Background: Currently, most aligned chat models adopt "shallow alignment"—where the training objective primarily focuses on the very beginning of the assistant's turn, producing a refusal (e.g., "I can't help with that") when encountering harmful queries. This "pre-positioned" safety is effective against direct harmful prompts.

Limitations of Prior Work: The protection of shallow alignment covers almost only the first step of generation. Once harmful continuation has started (whether induced by adversarial attacks or forced via harmful assistant-prefill in the context), the protection collapses. Figure 1 of the paper shows that with just a 25-token harmful prefix on AdvBench, the refusal rate of most models—including new models like gpt-oss—plummets from ~100% to below 10%.

Key Challenge: The industry's remedy is "deep alignment"—additionally training models to refuse midway through a continuation.
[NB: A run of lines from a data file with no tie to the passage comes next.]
lemma inj_on_vec_restrict_eigspace:
  assumes G: "weighted_graph w m" and C: "connected_graph w" and CD: "CD_inf w m K"
  shows "inj_on (vec_restrict (ball1 w x)) (eigspace w m K)"
proof (rule inj_onI)
  fix a b
  assume "a \<in> eigspace w m K" "b \<in> eigspace w m K"
    and eq: "vec_restrict (ball1 w x) a = vec_restrict (ball1 w x) b"
  then have "a - b \<in> eigspace w m K" by (simp add: subspace_diff subspace_eigspace)
  moreover have "\<forall>y\<in>ball1 w x. (a - b) $ y = 0"
    using eq by (simp add: vec_restrict_eq_iff)
  ultimately have "(a - b) $ y = 0" for y
    by (intro eigenfunction_K_vanishing_on_ball1[OF G C CD, of "vec_nth (a - b)" x])
      (auto simp: eigspace_def)
  then show "a = b" by (simp add: vec_eq_iff)
qed

lemma vec_restrict_eigspace_eq_local_eigspace:
  fixes w :: "'v::finite \<Rightarrow> 'v \<Rightarrow> real"
  assumes G: "weighted_graph w m" and C: "connected_graph w" and "K > 0" and CD: "CD_inf w m K"
    and "eigval w m (deg w x) = K"
  shows "vec_restrict (ball1 w x) ` eigspace w m K = local_eigspace w m K x"
proof -
  let ?R = "vec_restrict (ball1 w x)" and ?E = "eigspace w m K"
  have "dim (?R ` ?E) = dim ?E"
    using inj_on_vec_restrict_eigspace[OF G C CD]
    by (intro dim_image_eq[OF linear_vec_restrict])
      (simp add: span_eq_iff[THEN iffD2, OF subspace_eigspace])
  also have "\<dots> \<ge> dim (local_eigspace w m K x)"
    using deg_le_dim_eigspace[OF assms] dim_local_eigspace_le_deg[OF G, of K x] \<open>K > 0\<close> by simp
  finally have "span (?R ` ?E) = span (local_eigspace w m K x)"
    using dim_eq_span[OF vec_restrict_eigspace_subset[OF G]] by simp
  then show ?thesis
    using linear_subspace_image[OF linear_vec_restrict subspace_eigspace] subspace_local_eigspace
    by (metis span_eq_iff)
qed
lemma abs_second_difference_le:
  fixes g :: "'a::{real_normed_vector, perfect_space} \<Rightarrow> real"
  assumes g': "\<And>y. (g has_derivative g' y) (at y)"
    and g'_lipschitz: "\<And>a b v. \<bar>g' a v - g' b v\<bar> \<le> K * norm v * norm (a - b)"
  shows "\<bar>(g (x' + lam) - g x') - (g (x + lam) - g x)\<bar> \<le> K * norm lam * norm (x' - x)"
proof (rule abs_diff_le_of_derivative_bound[where S = UNIV])
  show "((\<lambda>y. g (y + lam) - g y) has_derivative (\<lambda>v. g' (y + lam) v - g' y v)) (at y)" for y
    by (intro has_derivative_diff has_derivative_translate g')
  show "\<bar>g' (y + lam) v - g' y v\<bar> \<le> K * norm lam * norm v" for y v
    using g'_lipschitz[where a = "y + lam" and b = y and v = v] by (simp add: mult_ac)
qed auto

lemma frechet_derivative_cmult:
  fixes f :: "'a::real_normed_vector \<Rightarrow> real"
  assumes "f differentiable (at x)"
  shows "frechet_derivative (\<lambda>y. c * f y) (at x) h = c * frechet_derivative f (at x) h"
proof -
  have "((\<lambda>y. c * f y) has_derivative (\<lambda>h. c * frechet_derivative f (at x) h)) (at x)"
    using assms by (intro has_derivative_mult_right) (simp add: frechet_derivative_works)
  from fun_cong[OF frechet_derivative_at[OF this]] show ?thesis ..
qed

lemma abs_le_norm_if_homogeneous:
  fixes f :: "'a::real_normed_vector \<Rightarrow> real"
  assumes homogeneous: "\<And>c v. f (c *\<^sub>R v) = c * f v"
    and bounded: "\<And>u. norm u \<le> 1 \<Longrightarrow> \<bar>f u\<bar> \<le> M"
  shows "\<bar>f v\<bar> \<le> M * norm v"
proof (cases "v = 0")
  case True
  then show ?thesis using homogeneous[of 0 0] by simp
next
  case False
  have "\<bar>f v\<bar> = norm v * \<bar>f (v /\<^sub>R norm v)\<bar>"
    using homogeneous[of "norm v" "v /\<^sub>R norm v"] False by (simp add: abs_mult)
  also have "\<dots> \<le> norm v * M"
    using False by (intro mult_left_mono bounded) auto
  finally show ?thesis by (simp add: mult.commute)
qed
However, systematic testing with "deep prefill attacks" (harmful prefixes ranging from dozens to thousands of tokens) reveals that deep alignment merely pushes the failure point further back, creating an arms race between "attack depth vs. alignment depth." Even strong deep-aligned models like Claude Sonnet 4 see refusal rates drop below 25% under 100-token prefixes. Another path—external guardrail classifiers—suffers from high latency, often tagging content only after the entire sequence is generated, by which point harmful content may have already been released. The root cause is that the model's recognition of "harmfulness" does not generalize to any depth, as safety judgment is locked into the decoding trajectory.

Key Insight: The authors notice an overlooked phenomenon: aligned models actually "know" internally whether their continuation is harmful but do not proactively express it. Simple self-reflection prompts ("Is your previous response harmful?") can often make them admit it. This indicates that strong safety signals do exist but are locked in hidden states and not decoded. Furthermore, special tokens in the chat template (especially the assistant header) can "surface" this latent judgment mid-stream.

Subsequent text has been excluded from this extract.